--- EXERCISE DATA Enclosed Below ---
definition slack :: "(real, 'n) vec \<Rightarrow> 'n \<times> 'n \<Rightarrow> real" where
  "slack v p = edge_diff v p - g (fst p) (snd p)"

lemma Xbar_iff_slack: "v \<in> Xbar g \<longleftrightarrow> v $ first_idx = 0 \<and> (\<forall>p. fst p < snd p \<longrightarrow> 0 \<le> slack v p)"
  by (auto simp: Xbar_def slack_def edge_diff_def)

lemma Xbar_slack_nonneg: "v \<in> Xbar g \<Longrightarrow> fst p < snd p \<Longrightarrow> 0 \<le> slack v p"
  by (cases p) (simp add: Xbar_iff_slack)

lemma Eset_iff_slack: "p \<in> Eset g v \<longleftrightarrow> fst p < snd p \<and> slack v p = 0"
  by (cases p) (auto simp: Eset_def slack_def edge_diff_def)

lemma slack_affine:
  assumes "a + b = 1"
  shows "slack (a *\<^sub>R x + b *\<^sub>R y) p = a * slack x p + b * slack y p"
proof -
  have b: "b = 1 - a" using assms by simp
  show ?thesis unfolding b slack_def by (simp add: algebra_simps)
qed

lemma slack_add: "slack (v + w) p = slack v p + edge_diff w p"
  by (simp add: slack_def)

lemma edge_diff_eq_slack_diff: "edge_diff (v - w) p = slack v p - slack w p"
  by (simp add: slack_def)

definition tight_face :: "('n \<times> 'n) set \<Rightarrow> ((real, 'n) vec) set" where
  "tight_face S = {v \<in> Xbar g. S \<subseteq> Eset g v}"

definition face_edges :: "((real, 'n) vec) set \<Rightarrow> ('n \<times> 'n) set" where
  "face_edges F = (\<Inter>v\<in>F. Eset g v)"

lemma Eset_open_segment:
  assumes "x \<in> Xbar g" "y \<in> Xbar g" "z \<in> open_segment x y"
  shows "Eset g z = Eset g x \<inter> Eset g y"
proof -
  obtain \<mu> where \<mu>: "0 < \<mu>" "\<mu> < 1" "z = (1 - \<mu>) *\<^sub>R x + \<mu> *\<^sub>R y"
    using assms(3) by (auto simp: in_segment)
  have "slack z p = 0 \<longleftrightarrow> slack x p = 0 \<and> slack y p = 0" if "fst p < snd p" for p
  proof -
    have "0 \<le> (1 - \<mu>) * slack x p" "0 \<le> \<mu> * slack y p"
      using Xbar_slack_nonneg[OF assms(1) that] Xbar_slack_nonneg[OF assms(2) that] \<mu>(1,2) by simp_all
    moreover have "slack z p = (1 - \<mu>) * slack x p + \<mu> * slack y p"
      using \<mu>(3) by (simp add: slack_affine)
    ultimately show ?thesis using \<mu>(1,2) by (simp add: add_nonneg_eq_0_iff)
  qed
  then show ?thesis by (auto simp: Eset_iff_slack)
qed

lemma convex_tight_face: "convex (tight_face S)"
  unfolding convex_alt
proof (intro ballI allI impI)
  fix x y and \<mu> :: real
  assume x: "x \<in> tight_face S" and y: "y \<in> tight_face S" and \<mu>: "0 \<le> \<mu> \<and> \<mu> \<le> 1"
  define z where "z = (1 - \<mu>) *\<^sub>R x + \<mu> *\<^sub>R y"
  have X: "x \<in> Xbar g" "y \<in> Xbar g" using x y by (auto simp: tight_face_def)
  have slack_z: "slack z p = (1 - \<mu>) * slack x p + \<mu> * slack y p" for p
    by (simp add: z_def slack_affine)
  have "z \<in> Xbar g"
    unfolding Xbar_iff_slack
  proof (intro conjI allI impI)
    show "z $ first_idx = 0" using X by (simp add: z_def Xbar_def)
    fix p :: "'n \<times> 'n" assume "fst p < snd p"
    then show "0 \<le> slack z p"
      using Xbar_slack_nonneg[OF X(1)] Xbar_slack_nonneg[OF X(2)] \<mu> by (simp add: slack_z)
  qed
  moreover have "S \<subseteq> Eset g z"
  proof
    fix p assume "p \<in> S"
    then have "p \<in> Eset g x" "p \<in> Eset g y" using x y by (auto simp: tight_face_def)
    then show "p \<in> Eset g z" by (simp add: Eset_iff_slack slack_z)
  qed
  ultimately show "(1 - \<mu>) *\<^sub>R x + \<mu> *\<^sub>R y \<in> tight_face S"
    by (simp add: tight_face_def z_def)
qed

lemma tight_face_face_of: "tight_face S face_of Xbar g"
  unfolding face_of_def
proof (intro conjI ballI impI)
  show "tight_face S \<subseteq> Xbar g" by (auto simp: tight_face_def)
  show "convex (tight_face S)" by (rule convex_tight_face)
  fix a b x assume "a \<in> Xbar g" "b \<in> Xbar g" "x \<in> tight_face S" "x \<in> open_segment a b"
  then show "a \<in> tight_face S" "b \<in> tight_face S"
    using Eset_open_segment by (auto simp: tight_face_def)
qed

lemma face_has_point_with_face_edges:
  assumes F: "F face_of Xbar g" "F \<noteq> {}"
  obtains w where "w \<in> F" "Eset g w = face_edges F"
proof -
  obtain w where w: "w \<in> F" and least: "\<And>x. x \<in> F \<Longrightarrow> card (Eset g w) \<le> card (Eset g x)"
    using ex_has_least_nat[of "\<lambda>w. w \<in> F" _ "\<lambda>w. card (Eset g w)"] F(2) by blast
  have FX: "F \<subseteq> Xbar g" using face_of_imp_subset[OF F(1)] .
  have "Eset g w \<subseteq> Eset g x" if "x \<in> F" for x
  proof (rule ccontr)
    assume not_sub: "\<not> Eset g w \<subseteq> Eset g x"
    then have mid: "midpoint w x \<in> open_segment w x" by auto
    moreover have "open_segment w x \<subseteq> F"
      using face_of_imp_convex[OF F(1)] w that by (simp add: convex_contains_open_segment)
    moreover have "w \<in> Xbar g" "x \<in> Xbar g" using FX w that by auto
    ultimately have "midpoint w x \<in> F" "Eset g (midpoint w x) = Eset g w \<inter> Eset g x"
      using Eset_open_segment[of w x "midpoint w x"] by auto
    moreover have "card (Eset g w \<inter> Eset g x) < card (Eset g w)"
      using not_sub by (intro psubset_card_mono) auto
    ultimately show False using least[of "midpoint w x"] by simp
  qed
  then have "Eset g w = face_edges F" using w by (auto simp: face_edges_def)
  then show thesis using that w by blast
qed
lemma block_cols_mult_unit_block:
  fixes G :: "nat \<Rightarrow> 'a::semiring_1 mat"
  assumes G: "\<And>l. l < m \<Longrightarrow> G l \<in> carrier_mat (m*n) n" and l: "l < m"
  shows "block_cols m n G * unit_block m n l = G l"
proof (rule eq_matI)
  fix i q assume "i < dim_row (G l)" "q < dim_col (G l)"
  then have i: "i < m*n" and q: "q < n" using G[OF l] by auto
  have lq: "l*n + q < m*n"
  proof -
    have "l*n + q < (l+1)*n" using q by simp
    also have "\<dots> \<le> m*n" using l by (intro mult_right_mono) auto
    finally show ?thesis .
  qed
  have "(block_cols m n G * unit_block m n l) $$ (i,q)
      = (\<Sum>x<m*n. block_cols m n G $$ (i,x) * (if x = l*n + q then 1 else 0))"
    using i q by (simp add: scalar_prod_def unit_block_def atLeast0LessThan)
  also have "\<dots> = block_cols m n G $$ (i, l*n + q)"
    using lq by (simp add: if_distrib[of "(*) _"] sum.delta cong: if_cong)
  also have "\<dots> = G l $$ (i,q)" using i lq q by simp
  finally show "(block_cols m n G * unit_block m n l) $$ (i,q) = G l $$ (i,q)" .
qed (use G[OF l] in \<open>auto simp: unit_block_def\<close>)

lemma block_powers_mult_inverse:
  fixes t :: "'a::field"
  assumes "t \<noteq> 0"
  shows "block_powers m n t * block_powers m n (inverse t) = 1\<^sub>m (m*n)"
  using assms by (simp add: block_powers_def power_inverse[symmetric] flip: power_mult_distrib)

lemma det_block_powers_conj:
  fixes t :: "'a::field"
  assumes "t \<noteq> 0" "A \<in> carrier_mat (m*n) (m*n)"
  shows "det (block_powers m n t * A * block_powers m n (inverse t)) = det A"
proof -
  let ?D = "block_powers m n t" and ?D' = "block_powers m n (inverse t)"
  have "det (?D * A * ?D') = det A * (det ?D * det ?D')"
    unfolding det_mult[OF mult_carrier_mat[OF block_powers_carrier assms(2)] block_powers_carrier]
      det_mult[OF block_powers_carrier assms(2)] by (simp only: ac_simps)
  also have "det ?D * det ?D' = 1"
    using det_mult[OF block_powers_carrier block_powers_carrier, of m n t "inverse t"]
    by (simp add: block_powers_mult_inverse[OF assms(1)])
  finally show ?thesis by simp
qed

lemma rows_vanish_from_mono: "rows_vanish_from n l C \<Longrightarrow> l \<le> l' \<Longrightarrow> rows_vanish_from n l' C"
  unfolding rows_vanish_from_def by auto

lemma rows_vanish_from_mult:
  assumes "rows_vanish_from n l C" "dim_row B = dim_col C"
  shows "rows_vanish_from n l (C * B)"
  using assms unfolding rows_vanish_from_def by (auto simp: scalar_prod_def intro!: sum.neutral)

lemma rows_vanish_from_add:
  fixes C D :: "'a::monoid_add mat"
  assumes "rows_vanish_from n l C" "rows_vanish_from n l D" "C \<in> carrier_mat r c" "D \<in> carrier_mat r c"
  shows "rows_vanish_from n l (C + D)"
  using assms unfolding rows_vanish_from_def by auto

lemma rows_vanish_from_smult:
  "rows_vanish_from n l (C :: 'a::mult_zero mat) \<Longrightarrow> rows_vanish_from n l (c \<cdot>\<^sub>m C)"
  unfolding rows_vanish_from_def by auto

lemma rows_vanish_from_zero: "rows_vanish_from n l (0\<^sub>m r c)"
  unfolding rows_vanish_from_def by auto

lemma rows_vanish_from_unit_block: "rows_vanish_from n (Suc l) (unit_block m n l)"
  unfolding rows_vanish_from_def unit_block_def by auto

lemma rows_vanish_from_block_cols:
  assumes "\<And>l. l < m \<Longrightarrow> G l \<in> carrier_mat (m*n) n \<and> rows_vanish_from n L (G l)"
  shows "rows_vanish_from n L (block_cols m n G)"
  unfolding rows_vanish_from_def
proof (intro allI impI)
  fix i j assume "i < dim_row (block_cols m n G)" "j < dim_col (block_cols m n G)" "L \<le> i div n"
  then show "block_cols m n G $$ (i,j) = 0"
    using assms[OF less_mult_imp_div_less[of j m n]] unfolding rows_vanish_from_def
    by (cases "n = 0") auto
qed

lemma det_one_add_block_cols:
  fixes Y :: "nat \<Rightarrow> 'a::comm_ring_1 mat"
  assumes "\<And>l. l < m \<Longrightarrow> Y l \<in> carrier_mat (m*n) n \<and> rows_vanish_from n l (Y l)"
  shows "det (1\<^sub>m (m*n) + block_cols m n Y) = 1"
proof -
  let ?U = "1\<^sub>m (m*n) + block_cols m n Y"
  have lower: "?U $$ (i,j) = (if i = j then 1 else 0)" if "i < m*n" "j < m*n" "j \<le> i" for i j
  proof -
    have "j div n \<le> i div n" using \<open>j \<le> i\<close> by (rule div_le_mono)
    moreover have "j mod n < n" using that by (cases "n = 0") auto
    ultimately have "Y (j div n) $$ (i, j mod n) = 0"
      using assms[OF less_mult_imp_div_less[OF \<open>j < m*n\<close>]] \<open>i < m*n\<close>
      unfolding rows_vanish_from_def by auto
    then show ?thesis using that by simp
  qed
  have "upper_triangular ?U" using lower by auto
  then have "det ?U = (\<Prod>i = 0..<m*n. ?U $$ (i,i))"
    by (simp add: det_upper_triangular[of _ "m*n"] prod_list_diag_prod)
  also have "\<dots> = 1" using lower by simp
  finally show ?thesis .
qed

lemma block_cols_column_operations:
  fixes F Y :: "nat \<Rightarrow> 'a::comm_ring_1 mat"
  assumes D: "D \<in> carrier_mat (m*n) (m*n)"
    and F: "\<And>l. l < m \<Longrightarrow> F l \<in> carrier_mat (m*n) n"
    and Y: "\<And>l. l < m \<Longrightarrow> Y l \<in> carrier_mat (m*n) n"
  shows "block_cols m n (\<lambda>l. c ^ l \<cdot>\<^sub>m (D * (F l + block_cols m n F * Y l)))
    = D * (block_cols m n F * (1\<^sub>m (m*n) + block_cols m n Y)) * block_powers m n c"
proof -
  let ?N = "block_cols m n F"
  have G: "F l + ?N * Y l \<in> carrier_mat (m*n) n" if "l < m" for l
    by (rule add_carrier_mat[OF mult_carrier_mat[OF block_cols_carrier Y[OF that]]])
  have "block_cols m n (\<lambda>l. c ^ l \<cdot>\<^sub>m (D * (F l + ?N * Y l)))
      = D * block_cols m n (\<lambda>l. F l + ?N * Y l) * block_powers m n c"
    using D G by (simp add: block_cols_smult_powers mult_block_cols)
  also have "block_cols m n (\<lambda>l. F l + ?N * Y l) = ?N + block_cols m n (\<lambda>l. ?N * Y l)"
    by (rule add_block_cols[OF F mult_carrier_mat[OF block_cols_carrier Y]])
  also have "\<dots> = ?N * 1\<^sub>m (m*n) + ?N * block_cols m n Y"
    by (simp add: mult_block_cols[OF block_cols_carrier Y])
  also have "\<dots> = ?N * (1\<^sub>m (m*n) + block_cols m n Y)"
    by (rule mult_add_distrib_mat[OF block_cols_carrier one_carrier_mat block_cols_carrier, symmetric])
  finally show ?thesis .
qed
lemma dfS_label_order:
  assumes bij: "bij_betw \<phi> S {..<n}" and y: "y \<in> S"
  shows "dfS S (\<lambda>z. d ! \<phi> z) y = 2 * d ! \<phi> y +
    (\<Sum>u<n. if (u, \<phi> y) \<in> label_order S \<phi> \<or> (\<phi> y, u) \<in> label_order S \<phi> then d ! u else 0)"
proof -
  have inj: "inj_on \<phi> S" and fin: "finite S"
    using bij_betw_imp_inj_on[OF bij] bij_betw_finite[OF bij] by auto
  have "(\<Sum>u<n. if (u, \<phi> y) \<in> label_order S \<phi> \<or> (\<phi> y, u) \<in> label_order S \<phi> then d ! u else 0)
      = (\<Sum>z\<in>S. if (\<phi> z, \<phi> y) \<in> label_order S \<phi> \<or> (\<phi> y, \<phi> z) \<in> label_order S \<phi> then d ! \<phi> z else 0)"
    by (rule sum.reindex_bij_betw[OF bij, symmetric])
  also have "\<dots> = (\<Sum>z\<in>S. if comparable z y then d ! \<phi> z else 0)"
    using label_order_iff[OF inj] y by (intro sum.cong) (auto simp: comparable_def)
  also have "\<dots> = (\<Sum>z\<in>{j\<in>S. comparable j y}. d ! \<phi> z)"
    using fin by (simp add: sum.inter_filter)
  also have "{j\<in>S. comparable j y} = {j\<in>S. j \<noteq> y \<and> comparable j y}"
    by auto
  finally show ?thesis
    unfolding dfS_def by simp
qed

definition comparability_witness :: "nat \<Rightarrow> (nat \<times> nat) set \<Rightarrow> nat \<Rightarrow> int \<Rightarrow> int \<Rightarrow> int list \<Rightarrow> bool" where
  "comparability_witness n C m c \<delta> d \<longleftrightarrow> d ! m = \<delta> \<and> (\<exists>v<n. d ! v \<noteq> 0) \<and>
     (\<forall>v<n. 2 * d ! v + (\<Sum>u<n. if (u, v) \<in> C \<or> (v, u) \<in> C then d ! u else 0) = (if v = m then c else 0))"

text \<open>Every poset whose Hasse graph is the tree es is the transitive closure of one of its
  orientations, so one row per orientation covers all of them.\<close>

definition witness_table :: "nat \<Rightarrow> (nat \<times> nat) list \<Rightarrow> nat \<Rightarrow> int \<Rightarrow> int \<Rightarrow> int list list \<Rightarrow> bool" where
  "witness_table n es m c \<delta> ds \<longleftrightarrow> (\<forall>(i, j)\<in>set es. i < n \<and> j < n) \<and>
     list_all2 (\<lambda>os d. comparability_witness n ((set os)\<^sup>+) m c \<delta> d) (orientations es) ds"
(* Let $X$ be a Banach space (real or complex) and let $x\in X$ be non-zero. If $x$ is a right symmetric point of $X$ and $x$ is smooth, then $x$ is a left symmetric point of $X$.
   Context: In a normed space $X$ over $\mathbb{K}$, $x\perp_{BJ}y$ means $\|x+\lambda y\|\ge\|x\|$ for all $\lambda\in\mathbb{K}$; $x$ is a left symmetric point if $x\perp_{BJ}y$ implies $y\perp_{BJ}x$ for all $y\in X$, and a right symmetric point if $y\perp_{BJ}x$ implies $x\perp_{BJ}y$ for all $y\in X$. A non-zero $x$ is smooth if there is a unique norm-one $F\in X^*$ with $F(x)=\|x\|$. *)

theory Defs
  imports "HOL-Analysis.Analysis"
begin

text \<open>A normed space over a scalar field K is modelled as a type with a norm together
 with a scalar multiplication sm :: K => X => X.  For K = real we use scaleR;
 a complex normed space is a real normed space together with a complex scalar
 multiplication extending scaleR and compatible with the norm.\<close>

definition complex_scaling :: "(complex \<Rightarrow> 'a::real_normed_vector \<Rightarrow> 'a) \<Rightarrow> bool" where
  "complex_scaling cs \<longleftrightarrow>
     (\<forall>r x. cs (complex_of_real r) x = r *\<^sub>R x) \<and>
     (\<forall>a b x. cs (a + b) x = cs a x + cs b x) \<and>
     (\<forall>a x y. cs a (x + y) = cs a x + cs a y) \<and>
     (\<forall>a b x. cs (a * b) x = cs a (cs b x)) \<and>
     (\<forall>a x. norm (cs a x) = cmod a * norm x)"

definition BJ_orth :: "('k \<Rightarrow> 'a \<Rightarrow> 'a) \<Rightarrow> 'a::real_normed_vector \<Rightarrow> 'a \<Rightarrow> bool" where
  "BJ_orth sm x y \<longleftrightarrow> (\<forall>c. norm (x + sm c y) \<ge> norm x)"

definition left_symmetric :: "('k \<Rightarrow> 'a \<Rightarrow> 'a) \<Rightarrow> 'a::real_normed_vector \<Rightarrow> bool" where
  "left_symmetric sm x \<longleftrightarrow> (\<forall>y. BJ_orth sm x y \<longrightarrow> BJ_orth sm y x)"

definition right_symmetric :: "('k \<Rightarrow> 'a \<Rightarrow> 'a) \<Rightarrow> 'a::real_normed_vector \<Rightarrow> bool" where
  "right_symmetric sm x \<longleftrightarrow> (\<forall>y. BJ_orth sm y x \<longrightarrow> BJ_orth sm x y)"

definition dual_functional :: "('k::real_normed_field \<Rightarrow> 'a \<Rightarrow> 'a) \<Rightarrow> ('a::real_normed_vector \<Rightarrow> 'k) \<Rightarrow> bool" where
  "dual_functional sm F \<longleftrightarrow> bounded_linear F \<and> (\<forall>c v. F (sm c v) = c * F v)"

definition smooth_point :: "('k::real_normed_field \<Rightarrow> 'a \<Rightarrow> 'a) \<Rightarrow> 'a::real_normed_vector \<Rightarrow> bool" where
  "smooth_point sm x \<longleftrightarrow> x \<noteq> 0 \<and>
     (\<exists>!F. dual_functional sm F \<and> onorm F = 1 \<and> F x = of_real (norm x))"

end

theory Submission
  imports Defs
begin

text \<open>Let x be smooth and right symmetric, and let x be orthogonal to y. Minimising
  norm (y + a x) over the scalars a gives w = y + a x with w orthogonal to x, so x is
  orthogonal to w by right symmetry. By the Hahn--Banach theorem, each of the relations
  x orthogonal to y and x orthogonal to w yields a norming functional of x vanishing at
  y, resp. at w; by smoothness both are the same functional F. Hence
  0 = F w = F y + a norm x = a norm x, so a = 0, w = y and y is orthogonal to x.
  In the complex case the real functional g obtained from Hahn--Banach is turned into the
  complex functional v \<mapsto> g v - i g (i v).\<close>

section \<open>The Hahn--Banach dominated extension theorem\<close>

definition sublinear :: "('a::real_vector \<Rightarrow> real) \<Rightarrow> bool" where
  "sublinear p \<longleftrightarrow>
     (\<forall>u v. p (u + v) \<le> p u + p v) \<and> (\<forall>r u. 0 \<le> r \<longrightarrow> p (r *\<^sub>R u) = r * p u)"

lemma
  assumes "sublinear p"
  shows sublinear_add: "p (u + v) \<le> p u + p v"
    and sublinear_scale: "0 \<le> r \<Longrightarrow> p (r *\<^sub>R u) = r * p u"
  using assms unfolding sublinear_def by blast+

lemma sublinear_norm: "sublinear (norm :: 'a::real_normed_vector \<Rightarrow> real)"
  by (simp add: sublinear_def norm_triangle_ineq)

text \<open>Partial linear functionals are represented by their graphs, so that Zorn's lemma
  can be applied to the inclusion order.\<close>

definition dominated_linear_graph :: "('a::real_vector \<Rightarrow> real) \<Rightarrow> ('a \<times> real) set \<Rightarrow> bool" where
  "dominated_linear_graph p M \<longleftrightarrow>
     (0, 0) \<in> M \<and>
     (\<forall>u a b. (u, a) \<in> M \<longrightarrow> (u, b) \<in> M \<longrightarrow> a = b) \<and>
     (\<forall>u a v b. (u, a) \<in> M \<longrightarrow> (v, b) \<in> M \<longrightarrow> (u + v, a + b) \<in> M) \<and>
     (\<forall>u a r. (u, a) \<in> M \<longrightarrow> (r *\<^sub>R u, r * a) \<in> M) \<and>
     (\<forall>u a. (u, a) \<in> M \<longrightarrow> a \<le> p u)"

lemma
  assumes "dominated_linear_graph p M"
  shows dominated_linear_graph_zero: "(0, 0) \<in> M"
    and dominated_linear_graph_unique: "(u, a) \<in> M \<Longrightarrow> (u, b) \<in> M \<Longrightarrow> a = b"
    and dominated_linear_graph_add: "(u, a) \<in> M \<Longrightarrow> (v, b) \<in> M \<Longrightarrow> (u + v, a + b) \<in> M"
    and dominated_linear_graph_scale: "(u, a) \<in> M \<Longrightarrow> (r *\<^sub>R u, r * a) \<in> M"
    and dominated_linear_graph_le: "(u, a) \<in> M \<Longrightarrow> a \<le> p u"
  using assms unfolding dominated_linear_graph_def by blast+

text \<open>Any c in the gap below is an admissible value at z for extending M by one dimension.\<close>

lemma dominated_linear_graph_gap:
  assumes p: "sublinear p" and M: "dominated_linear_graph p M"
  obtains c where "\<And>u a. (u, a) \<in> M \<Longrightarrow> a - p (u - z) \<le> c"
    and "\<And>v b. (v, b) \<in> M \<Longrightarrow> c \<le> p (v + z) - b"
proof -
  have sep: "a - p (u - z) \<le> p (v + z) - b" if "(u, a) \<in> M" "(v, b) \<in> M" for u a v b
  proof -
    have "a + b \<le> p (u + v)"
      using that dominated_linear_graph_add[OF M] dominated_linear_graph_le[OF M] by blast
    also have "u + v = (u - z) + (v + z)" by simp
    also have "p \<dots> \<le> p (u - z) + p (v + z)" by (rule sublinear_add[OF p])
    finally show ?thesis by simp
  qed
  define S where "S = (\<lambda>(u, a). a - p (u - z)) ` M"
  have "S \<noteq> {}" using dominated_linear_graph_zero[OF M] unfolding S_def by blast
  moreover have "bdd_above S"
    using sep[OF _ dominated_linear_graph_zero[OF M]] unfolding S_def by (auto intro!: bdd_aboveI)
  ultimately show ?thesis
    using sep by (intro that[of "Sup S"]) (auto simp: S_def intro!: cSup_upper cSup_least)
qed

lemma dominated_linear_graph_adjoin_le:
  assumes p: "sublinear p" and M: "dominated_linear_graph p M" and uM: "(u, a) \<in> M"
    and below: "\<And>u a. (u, a) \<in> M \<Longrightarrow> a - p (u - z) \<le> c"
    and above: "\<And>v b. (v, b) \<in> M \<Longrightarrow> c \<le> p (v + z) - b"
  shows "a + t * c \<le> p (u + t *\<^sub>R z)"
proof -
  consider "t = 0" | "t > 0" | "t < 0" by linarith
  then show ?thesis
  proof cases
    case 1
    then show ?thesis using dominated_linear_graph_le[OF M uM] by simp
  next
    case 2
    have "t * c \<le> t * (p ((1 / t) *\<^sub>R u + z) - (1 / t) * a)"
      using 2 above[OF dominated_linear_graph_scale[OF M uM, where r = "1 / t"]]
      by (simp add: mult_left_mono)
    also have "\<dots> = p (t *\<^sub>R ((1 / t) *\<^sub>R u + z)) - a"
      using 2 by (simp add: sublinear_scale[OF p] right_diff_distrib)
    also have "t *\<^sub>R ((1 / t) *\<^sub>R u + z) = u + t *\<^sub>R z"
      using 2 by (simp add: scaleR_add_right)
    finally show ?thesis by simp
  next
    case 3
    define s where "s = - t"
    have s: "0 < s" using 3 by (simp add: s_def)
    have "a - p (s *\<^sub>R ((1 / s) *\<^sub>R u - z)) = s * ((1 / s) * a - p ((1 / s) *\<^sub>R u - z))"
      using s by (simp add: sublinear_scale[OF p] right_diff_distrib)
    also have "\<dots> \<le> s * c"
      using s below[OF dominated_linear_graph_scale[OF M uM, where r = "1 / s"]]
      by (simp add: mult_left_mono)
    also have "s *\<^sub>R ((1 / s) *\<^sub>R u - z) = u + t *\<^sub>R z"
      using s by (simp add: s_def scaleR_diff_right)
    finally show ?thesis by (simp add: s_def)
  qed
qed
--- End of Enclosed EXERCISE DATA ---
YOUR GOAL
Only the lines from the beginning of the material to the line containing "by (cases p) (simp add: Xbar_iff_slack)" should be echoed, verbatim and in full.

TASK ANSWER
definition slack :: "(real, 'n) vec \<Rightarrow> 'n \<times> 'n \<Rightarrow> real" where
  "slack v p = edge_diff v p - g (fst p) (snd p)"

lemma Xbar_iff_slack: "v \<in> Xbar g \<longleftrightarrow> v $ first_idx = 0 \<and> (\<forall>p. fst p < snd p \<longrightarrow> 0 \<le> slack v p)"
  by (auto simp: Xbar_def slack_def edge_diff_def)

lemma Xbar_slack_nonneg: "v \<in> Xbar g \<Longrightarrow> fst p < snd p \<Longrightarrow> 0 \<le> slack v p"
  by (cases p) (simp add: Xbar_iff_slack)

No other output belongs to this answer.